= Irish Games Association =

Non-profit body that promotes gaming in Ireland

The Irish Games Association (IGA) is a non-profit body which promotes gaming in Ireland. It runs, supports, and publicises gaming events, while "seeking to communicate and cooperate with others that do likewise".

The IGA engages in a number of activities designed to "further its stated aim of promoting gaming in Ireland", and has evolved over its lifespan.

==Gaelcon==
Originally, the IGA was a group composed of different gaming interests from around Ireland that came together to organise Gaelcon, an independent games convention (i.e., one not run by a college games society or a trader). The first Gaelcon was run in 1989 in the Royal Dublin Society. It has been run annually since then, growing to become Ireland's largest independent games convention. Subsequent venues included Croke Park's convention centre, the Royal Hospital Kilmainham, Clontarf Castle and Jury's/Ballsbridge Hotel. While the main focus of the convention is on role-playing games (RPGs), war games and collectible card games (such as Dungeons & Dragons, Warhammer 40,000 and Magic: The Gathering, respectively) and board games, other aspects include events such as the annual charity auction, which has raised in excess of €300,000 since its inception at Gaelcon 1996.

Writers of RPG game scenarios run at the convention have included Gareth Hanrahan, and Cat Tobin, and guests of honour have included Chaosium's Lynne Hardy.

In 2006, the international Diana Jones Award was awarded to "Irish Game Convention Charity Auctions", including Gaelcon and Warpcon.

==Other activities==
The IGA seeks to help the Irish gaming community by organising events, publicising others' events and providing what assistance and information it can to others who are "working on behalf of the gaming community in Ireland". This has included the provision of financial assistance to new conventions and gaming societies.

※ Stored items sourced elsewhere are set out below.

(* Since coker x = ker y, the blocks of x and of y cut X'' into the same pieces, so a y-step
   inside X'' never leaves the x-block one is in. *)
lemma stack_rtrancl_from_top:
  assumes x: "x \<in> Istar n" and y: "y \<in> Istar n" and mid: "coker x = ker y"
    and path: "((0, i), w) \<in> (stack x y)\<^sup>*" and i: "i \<in> {1..n}"
  shows "w \<in> {0} \<times> ker x `` {i} \<union> {1} \<times> cross x `` {i} \<union> {2} \<times> (cross x O cross y) `` {i}"
  using path
proof (induction rule: rtrancl_induct)
  case base
  show ?case
    using Istar_refl[OF x, of "Inl i"] i by simp
next
  case (step v w)
  have mid': "(Inr a, Inr b) \<in> x \<longleftrightarrow> (Inl a, Inl b) \<in> y" for a b
    using mid by (auto simp: set_eq_iff)
  note tx = Istar_trans[OF x] and ty = Istar_trans[OF y]
  from step.hyps(2) show ?case
  proof (cases rule: stackE)
    case (1 p q)
    then show ?thesis
      using step.IH by (cases p; cases q; simp; blast intro: tx)
  next
    case (2 p q)
    then show ?thesis
      using step.IH
      by (cases p; cases q; simp add: relcomp_unfold; blast intro: tx ty mid'[THEN iffD2])
  qed
qed

lemma ker_pmult:
  assumes x: "x \<in> Istar n" and y: "y \<in> Istar n" and mid: "coker x = ker y"
  shows "ker (pmult n x y) = ker x"
proof
  show "ker (pmult n x y) \<subseteq> ker x"
  proof
    fix p assume "p \<in> ker (pmult n x y)"
    then obtain i j where p: "p = (i, j)" and i: "i \<in> {1..n}"
      and path: "((0, i), (0, j)) \<in> (stack x y)\<^sup>*"
      by (cases p) (simp add: pmult_stack)
    show "p \<in> ker x"
      using stack_rtrancl_from_top[OF x y mid path i] p by simp
  qed
qed (rule ker_subset_ker_pmult[OF x])

lemma cross_pmult:
  assumes x: "x \<in> Istar n" and y: "y \<in> Istar n" and mid: "coker x = ker y"
  shows "cross (pmult n x y) = cross x O cross y"
proof
  show "cross (pmult n x y) \<subseteq> cross x O cross y"
  proof
    fix p assume "p \<in> cross (pmult n x y)"
    then obtain i j where p: "p = (i, j)" and i: "i \<in> {1..n}"
      and path: "((0, i), (2, j)) \<in> (stack x y)\<^sup>*"
      by (cases p) (simp add: pmult_stack)
    show "p \<in> cross x O cross y"
      using stack_rtrancl_from_top[OF x y mid path i] p by simp
  qed
qed (rule cross_relcomp_subset_cross_pmult[OF x y])

section \<open>Inversion\<close>

fun mirror :: "nat + nat \<Rightarrow> nat + nat" where
  "mirror (Inl i) = Inr i"
| "mirror (Inr i) = Inl i"

lemma mirror_mirror [simp]: "mirror (mirror p) = p"
  by (cases p) simp_all
lemma matrix_inv_right:
  fixes A :: "'a::semiring_1^'n^'n"
  assumes "invertible A"
  shows "A ** matrix_inv A = mat 1"
  using assms unfolding invertible_def by (metis matrix_inv_unique)

lemma matrix_inv_left:
  fixes A :: "'a::semiring_1^'n^'n"
  assumes "invertible A"
  shows "matrix_inv A ** A = mat 1"
  using assms unfolding invertible_def by (metis matrix_inv_unique)

lemma invertible_matrix_inv:
  fixes A :: "'a::semiring_1^'n^'n"
  assumes "invertible A"
  shows "invertible (matrix_inv A)"
  using assms matrix_inv_left matrix_inv_right invertible_def by blast

lemma matrix_inv_matrix_inv:
  fixes A :: "'a::semiring_1^'n^'n"
  assumes "invertible A"
  shows "matrix_inv (matrix_inv A) = A"
  by (rule matrix_inv_unique) (simp_all add: assms matrix_inv_left matrix_inv_right)

lemma matrix_inv_mult:
  fixes A B :: "'a::semiring_1^'n^'n"
  assumes "invertible A" "invertible B"
  shows "matrix_inv (A ** B) = matrix_inv B ** matrix_inv A"
proof (rule matrix_inv_unique)
  show "A ** B ** (matrix_inv B ** matrix_inv A) = mat 1"
    by (metis assms matrix_inv_right matrix_mul_assoc matrix_mul_rid)
  show "matrix_inv B ** matrix_inv A ** (A ** B) = mat 1"
    by (metis assms matrix_inv_left matrix_mul_assoc matrix_mul_rid)
qed

lemma conj_matrix_mult:
  fixes A B X :: "'a::semiring_1^'n^'n"
  assumes "invertible A" "invertible B"
  shows "(A ** B) ** X ** matrix_inv (A ** B) = A ** (B ** X ** matrix_inv B) ** matrix_inv A"
  by (simp add: matrix_inv_mult assms matrix_mul_assoc)

lemma conj_matrix_inv_cancel:
  fixes A X :: "'a::semiring_1^'n^'n"
  assumes "invertible A"
  shows "matrix_inv A ** (A ** X ** matrix_inv A) ** A = X"
proof -
  have "matrix_inv A ** (A ** X ** matrix_inv A) ** A = (matrix_inv A ** A) ** X ** (matrix_inv A ** A)"
    by (simp add: matrix_mul_assoc)
  then show ?thesis
    by (simp add: assms matrix_inv_left matrix_mul_lid matrix_mul_rid)
qed

definition normalizes :: "('a::semiring_1^'n^'n) set \<Rightarrow> 'a^'n^'n \<Rightarrow> bool" where
  "normalizes L g \<longleftrightarrow> (\<lambda>x. g ** x ** matrix_inv g) ` L = L"

lemma normalizer_in_iff: "p \<in> normalizer_in H L \<longleftrightarrow> p \<in> H \<and> normalizes L p"
  unfolding normalizer_in_def normalizes_def by simp

lemma normalizes_one: "normalizes L (mat 1 :: 'a::semiring_1^'n^'n)"
proof -
  have "matrix_inv (mat 1 :: 'a^'n^'n) = mat 1"
    by (rule matrix_inv_unique) (simp_all add: matrix_mul_lid)
  then show ?thesis
    unfolding normalizes_def by (simp add: matrix_mul_lid matrix_mul_rid)
qed

lemma normalizer_in_Int: "normalizer_in H L \<inter> normalizer_in K L = normalizer_in (H \<inter> K) L"
  by (auto simp: normalizer_in_iff)

lemma normalizer_in_one: "normalizer_in {mat 1} L = {mat 1}"
  by (auto simp: normalizer_in_iff normalizes_one)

The IGA's activities and services have included organising and running:
- the Gaelcon games convention, held annually on the October bank holiday weekend;
- the Academy of Eblana, a live action role-playing game (or "rubber-sword LARP") with a fantasy setting, which ran from 2013 to 2018;
- weekly games nights, held in Dublin.

The IGA first incorporated as a company limited by guarantee in 2021.